Electrofugal Fragmentation of Alkylcobalamin Derivatives Using Cob(I)Alamin and Heptamethyl Cob (I)yrinate as Catalysts

The cob (I)alamin‐ ( 1(I) ) and the heptamethyl cob(I)ynnate‐ ( 2(I) ) catalyzed transformation of an epoxide to the corresponding saturated hydrocarbon 3→4→5 is examined (see Schemes 1 and 3–5 ). Under the reaction conditions, the epoxyalkyl acetate 3 is opened by the catalysts with formation of appropriate (b̃‐hydroxyalkyl)‐corrinoid derivatives ( 13 , 14 , 17 , 18 , see Schemes 12 and 14 ). Triggered by a transfer of electrons to the Co‐corrin‐π system, the Co, C‐bond of the intermediates is broken, generating the alkenyl acetate 4 ( cf.
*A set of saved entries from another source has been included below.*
(* For all $n\ge 1$, $|F_n(321,1423,4123)|=F_{n+1}-1$, where $F_n$ is the $n$-th Fibonacci number with $F_0=F_1=1$ and $F_n=F_{n-1}+F_{n-2}$ for $n\ge 2$.
   Context: A permutation $\pi$ avoids a classical pattern $p\in S_k$ if no subsequence of $\pi$ of length $k$ is order-isomorphic to $p$. A Fishburn permutation is a permutation $\pi=\pi_1\cdots\pi_n$ of $[n]$ for which there are no indices $i<j$ with $\pi_j<\pi_i<\pi_{i+1}$ and $\pi_i=\pi_j+1$. $F_n(\sigma_1,\dots,\sigma_k)$ denotes the set of Fishburn permutations of length $n$ avoiding each of the classical patterns $\sigma_1,\dots,\sigma_k$. *)

theory Defs
  imports Main
begin

(* Permutations of [n] are represented as lists: pi = [pi_1, ..., pi_n] (0-indexed in Isabelle). *)
definition is_perm :: "nat \<Rightarrow> nat list \<Rightarrow> bool" where
  "is_perm n xs \<longleftrightarrow> length xs = n \<and> distinct xs \<and> set xs = {1..n}"

definition contains :: "nat list \<Rightarrow> nat list \<Rightarrow> bool" where
  "contains xs p \<longleftrightarrow> (\<exists>idx :: nat list.
      length idx = length p \<and> sorted_wrt (<) idx \<and> (\<forall>i\<in>set idx. i < length xs) \<and>
      (\<forall>a < length p. \<forall>b < length p.
          (xs ! (idx ! a) < xs ! (idx ! b)) \<longleftrightarrow> (p ! a < p ! b)))"
lemma continuous_on_nonzero_entries_box:
  fixes B :: "real^'d \<Rightarrow> real^'n^'m"
  assumes "open U" "continuous_on U B" "u0 \<in> U" "B u0 $ k $ i \<noteq> 0" "B u0 $ l $ i \<noteq> 0"
  obtains a b where "u0 \<in> box a b"
    "\<And>u. u \<in> box a b \<Longrightarrow> u \<in> U \<and> B u $ k $ i \<noteq> 0 \<and> B u $ l $ i \<noteq> 0"
proof -
  define W where "W = U \<inter> (\<lambda>u. (B u $ k $ i, B u $ l $ i)) -` ((- {0}) \<times> (- {0}))"
  have "open W" unfolding W_def
    using assms(1,2) by (intro continuous_open_preimage open_Times open_Compl continuous_intros) auto
  moreover have "u0 \<in> W" using assms(3-5) by (simp add: W_def)
  ultimately obtain a b where "u0 \<in> box a b" "box a b \<subseteq> W" by (rule open_contains_box)
  then show thesis using that by (auto simp: W_def)
qed

lemma pseudo_gaussian_on_coordinate_line:
  fixes B :: "real^'d \<Rightarrow> real^'d^'d" and \<phi> :: "'d \<Rightarrow> real \<Rightarrow> real \<Rightarrow> real"
    and w :: "real^'d" and k :: 'd
  defines "\<xi> \<equiv> \<lambda>m. mixed_partial (\<lambda>s t. ln (\<phi> m s t))"
    and "line \<equiv> \<lambda>t. \<chi> j. if j = k then t else w $ j"
  assumes V: "open V" "C2_on (V \<times> V) (\<phi> k)" "\<forall>x\<in>V. \<forall>y\<in>V. \<phi> k x y > 0"
    and J: "J \<subseteq> V" "convex J" "w $ k \<in> J"
    and diag: "\<And>u v. u \<in> U \<Longrightarrow> v \<in> U \<Longrightarrow>
      is_diag_mat (transpose (B u) ** diag_mat (\<lambda>m. \<xi> m (u $ m) (v $ m)) ** B v)"
    and invertible: "\<And>u. u \<in> U \<Longrightarrow> invertible (B u)"
    and line: "\<And>t. t \<in> J \<Longrightarrow> line t \<in> U \<and> B (line t) $ k $ i \<noteq> 0 \<and> B (line t) $ l $ i \<noteq> 0"
    and "k \<noteq> l"
    and nonzero: "\<And>m. m \<noteq> k \<Longrightarrow> \<xi> m (w $ m) (w $ m) \<noteq> 0"
      "\<And>s t. s \<in> J \<Longrightarrow> t \<in> J \<Longrightarrow> \<xi> k s t \<noteq> 0"
  shows "pseudo_gaussian_on (J \<times> J) (\<phi> k)"
proof -
  have line_nth: "line t $ k = t" "m \<noteq> k \<Longrightarrow> line t $ m = w $ m" for t m
    by (simp_all add: line_def)
  interpret diag_pencil "line ` J" B "\<lambda>u v m. \<xi> m (u $ m) (v $ m)" i k l
  proof
    show "\<xi> m (u $ m) (v $ m) \<noteq> 0" if "u \<in> line ` J" "v \<in> line ` J" for u v m
      using that nonzero line_nth by (cases "m = k") auto
  qed (use diag invertible line in blast)+
  define c where "c = w $ k"
  have c: "c \<in> J" using J(3) by (simp add: c_def)
  show ?thesis unfolding \<xi>_def
  proof (rule pseudo_gaussian_on_if_rank_one_log_mixed_partial[OF V J(1,2) c(1)])
    show "mixed_partial (\<lambda>s t. ln (\<phi> k s t)) c c \<noteq> 0"
      using nonzero(2)[OF c(1) c(1)] by (simp add: \<xi>_def)
    show "mixed_partial (\<lambda>s t. ln (\<phi> k s t)) c y = mixed_partial (\<lambda>s t. ln (\<phi> k s t)) y c"
      if "y \<in> J" for y
      using symmetric_entry[of "line c" "line y"] c that \<open>k \<noteq> l\<close> by (simp add: line_nth \<xi>_def)
    show "mixed_partial (\<lambda>s t. ln (\<phi> k s t)) x y * mixed_partial (\<lambda>s t. ln (\<phi> k s t)) c c
        = mixed_partial (\<lambda>s t. ln (\<phi> k s t)) c y * mixed_partial (\<lambda>s t. ln (\<phi> k s t)) x c"
      if "x \<in> J" "y \<in> J" for x y
      using rank_one_entry[of "line x" "line y" "line c"] c that \<open>k \<noteq> l\<close> by (simp add: line_nth \<xi>_def)
  qed
qed
lemma finitary_if_counts_bounded:
  assumes "\<And>x. x \<in> X \<Longrightarrow> x \<noteq> []" "\<And>x i. x \<in> X \<Longrightarrow> count_list x i \<le> e i"
  shows "finitary X"
  unfolding finitary_def
proof (intro conjI allI)
  show "\<forall>x\<in>X. x \<noteq> []" using assms(1) by blast
  fix n
  have "length x \<le> (\<Sum>i\<in>{0..n}. e i)" if "x \<in> X" "set x \<subseteq> {0..n}" for x
  proof -
    have "length x = (\<Sum>i\<in>{0..n}. count_list x i)" using that(2) by (simp add: sum_count_set)
    also have "\<dots> \<le> (\<Sum>i\<in>{0..n}. e i)" using assms(2)[OF that(1)] by (rule sum_mono)
    finally show ?thesis .
  qed
  thus "\<exists>h. \<forall>x\<in>X. set x \<subseteq> {0..n} \<longrightarrow> length x \<le> h" by blast
qed

lemma shift_le_card_words:
  assumes B: "\<And>b. \<bar>P b\<bar> \<le> int B * int (multinom b)" and "B \<le> 2 ^ k" "i \<noteq> j"
  shows "shift (tx (concat (replicate k [i, j]))) P a \<le> int (card (words a))"
proof (cases "\<exists>b. a = b + tx (concat (replicate k [i, j]))")
  case True
  then obtain b where b: "a = b + tx (concat (replicate k [i, j]))" by blast
  have "P b \<le> int B * int (card (words b))" using B[of b] by (simp add: multinom_eq_card_words)
  also have "\<dots> \<le> int (2 ^ k * card (words b))"
    unfolding of_nat_mult[symmetric] of_nat_le_iff using assms(2) by (rule mult_le_mono1)
  also have "\<dots> \<le> int (card (words a))"
    unfolding b of_nat_le_iff by (rule card_words_pow[OF assms(3)])
  finally show ?thesis using b by simp
qed (simp add: shift_eq_0)


lemma nonneg_series_congruent_charser:
  assumes "P \<in> R" and nonneg: "\<And>a. 0 \<le> P a"
  shows "\<exists>X\<in>W. (\<lambda>a. P a - charser X a) \<in> I0"
proof -
  obtain d B where d: "\<And>a n. Poly_Mapping.lookup a n > d n \<Longrightarrow> P a = 0"
    and B: "\<And>a. \<bar>P a\<bar> \<le> int B * int (multinom a)"
    using RE[OF assms(1)] by metis
  define cs where "cs = concat (replicate (Suc B) [0::nat, 1])"
  define Q where "Q = shift (tx cs) P"
  have "0 \<le> Q a" for a using nonneg by (simp add: Q_def shift_def)
  moreover have "B \<le> 2 ^ Suc B" using less_exp[of "Suc B"] by simp
  hence "nat (Q a) \<le> card (words a)" for a
    using shift_le_card_words[OF B, of "Suc B" 0 1 a] by (simp add: Q_def cs_def)
  ultimately obtain X where X: "charser X = Q" "\<And>x. x \<in> X \<Longrightarrow> Q (tx x) \<noteq> 0"
    by (rule charser_realises) blast
  have "x \<noteq> [] \<and> count_list x i \<le> d i + count_list cs i" if x: "x \<in> X" for x i
  proof -
    obtain b where b: "tx x = b + tx cs" "P b \<noteq> 0"
      using X(2)[OF x] unfolding Q_def by (rule shift_nonzeroE)
    have counts: "count_list x k = Poly_Mapping.lookup b k + count_list cs k" for k
      using b(1) by (metis lookup_add lookup_tx)
    have "count_list cs 0 \<noteq> 0" by (simp add: cs_def count_list_0_iff)
    hence "x \<noteq> []" using counts[of 0] by auto
    moreover have "Poly_Mapping.lookup b i \<le> d i" using d b(2) by (meson not_less)
    ultimately show ?thesis using counts[of i] by simp
  qed
  hence "finitary X" by (intro finitary_if_counts_bounded) blast+
  hence "X \<in> W" by (simp add: W_def)
  moreover have "(\<lambda>a. P a - charser X a) \<in> I0"
    using shift_congruent_I0[OF assms(1), of cs] by (simp add: X(1) Q_def)
  ultimately show ?thesis by blast
qed

theorem lemma1p11:
  shows "(\<forall>P \<in> Rplus. \<exists>X \<in> W. (\<lambda>a. P a - charser X a) \<in> I0) \<and>
         (\<forall>S \<in> R. \<exists>X \<in> W. \<exists>Y \<in> W. \<exists>S0 \<in> I0.
              S = (\<lambda>a. charser X a - charser Y a + S0 a))"
proof (intro conjI ballI)
  fix P assume "P \<in> Rplus"
  thus "\<exists>X \<in> W. (\<lambda>a. P a - charser X a) \<in> I0"
    by (intro nonneg_series_congruent_charser) (auto simp: Rplus_def)
next
  fix S assume S: "S \<in> R"
  obtain X where X: "X \<in> W" "(\<lambda>a. max (S a) 0 - charser X a) \<in> I0"
    using nonneg_series_congruent_charser[OF R_pos_part[OF S]] by auto
  obtain Y where Y: "Y \<in> W" "(\<lambda>a. max (- S a) 0 - charser Y a) \<in> I0"
    using nonneg_series_congruent_charser[OF R_pos_part[OF R_uminus[OF S]]] by auto
  define S0 where "S0 = (\<lambda>a. (max (S a) 0 - charser X a) + - (max (- S a) 0 - charser Y a))"
  have "S0 \<in> I0" unfolding S0_def using X(2) Y(2) by (intro I0_add I0_uminus)
  moreover have "S = (\<lambda>a. charser X a - charser Y a + S0 a)" by (auto simp: S0_def fun_eq_iff)
  ultimately show "\<exists>X \<in> W. \<exists>Y \<in> W. \<exists>S0 \<in> I0. S = (\<lambda>a. charser X a - charser Y a + S0 a)"
    using X(1) Y(1) by blast
qed

end
(* Let $\sigma$ be a prime 2-structure and let $X\subsetneq V(\sigma)$ be such that $\sigma[X]$ is prime; write $\overline{X}=V(\sigma)\setminus X$. Suppose that $q^a_{(\sigma,\overline{X})}\neq\emptyset$. If $\overline{X}$ is finite and $|\overline{X}|\geq 4$, then there exist distinct $v,w\in\overline{X}$ such that $\sigma-\{v,w\}$ is prime.
   Context: A 2-structure $\sigma$ consists of a vertex set $V(\sigma)$ and an equivalence relation $\equiv_\sigma$ on ordered pairs of distinct vertices; $E(\sigma)$ is its set of equivalence classes. $\sigma[W]$ is the induced 2-structure on $W$; $\sigma-W=\sigma[V(\sigma)\setminus W]$. A module is a set $M$ such that for all $x,y\in M$ and $v\notin M$, $(x,v)\equiv_\sigma(y,v)$ and $(v,x)\equiv_\sigma(v,y)$; $\emptyset$, $V(\sigma)$, singletons are trivial; $\sigma$ is prime if $|V(\sigma)|\geq3$ and all modules are trivial. For $X$ with $\sigma[X]$ prime: $\langle X\rangle_\sigma$ is the set of $v\in\overline{X}$ such that $X$ is a module of $\sigma[X\cup\{v\}]$; for $\alpha\in X$, $X_\sigma(\alpha)$ is the set of $v\in\overline{X}$ such that $\{\alpha,v\}$ is a module of $\sigma[X\cup\{v\}]$. For $e,f\in E(\sigma)$: $\langle X\rangle^{(e,f)}_\sigma$ is the set of $v\in\langle X\rangle_\sigma$ with $(v,\alpha)\in e$ and $(\alpha,v)\in f$ for $\alpha\in X$ (independent of $\alpha$); $X^{(e,f)}_\sigma(\alpha)$ is the set of $v\in X_\sigma(\alpha)$ with $(v,\alpha)\in e$ and $(\alpha,v)\in f$. $q^a_{(\sigma,\overline{X})}$ is the set of nonempty sets of the form $\langle X\rangle^{(e,f)}_\sigma$ or $X^{(e,f)}_\sigma(\alpha)$ ($\alpha\in X$) with $e\neq f$. *)

theory Defs
  imports Main
begin

type_synonym 'a two_structure = "'a set \<times> (('a \<times> 'a) \<times> ('a \<times> 'a)) set"

definition dpairs :: "'a set \<Rightarrow> ('a \<times> 'a) set" where
  "dpairs V = {(x, y). x \<in> V \<and> y \<in> V \<and> x \<noteq> y}"

definition verts :: "'a two_structure \<Rightarrow> 'a set" where
  "verts \<sigma> = fst \<sigma>"

definition eqv :: "'a two_structure \<Rightarrow> (('a \<times> 'a) \<times> ('a \<times> 'a)) set" where
  "eqv \<sigma> = snd \<sigma>"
Schemes 12 and 14 ) following an electrofugal fragmentation ( cf. Schemes 2 and 12 ). The double bond of 4 is also attacked by the catalysts, leading to the corresponding alkylcorrinoids ( 15 , 19 , see Schemes 12 and 14 ) which in turn are reduced by electrons from metallic zinc, the electron source in the system, inducing a reductive cleavage of the Co, C‐bond with production of the saturated monoacetate 5 (see Schemes 2, 5 and 12 ). In the cascade of steps involved, the transfer of electrons to the intermediate alkylcorrinoids ( 13–15 , 17–19 , see Schemes 12 and 14 ) is shown to be rate‐limiting. Comparing the two catalytic species 1(I) and 2(I) , it is shown that the ribonucleotide loop protects intermediate alkylcobalamins to some extent from an attack by electrons. The protective function of the ribonucleotide side‐chain is shown to be present in alkylcobalamins existing in the base‐on form ( cf. Chap. 4 and see Scheme 14 ).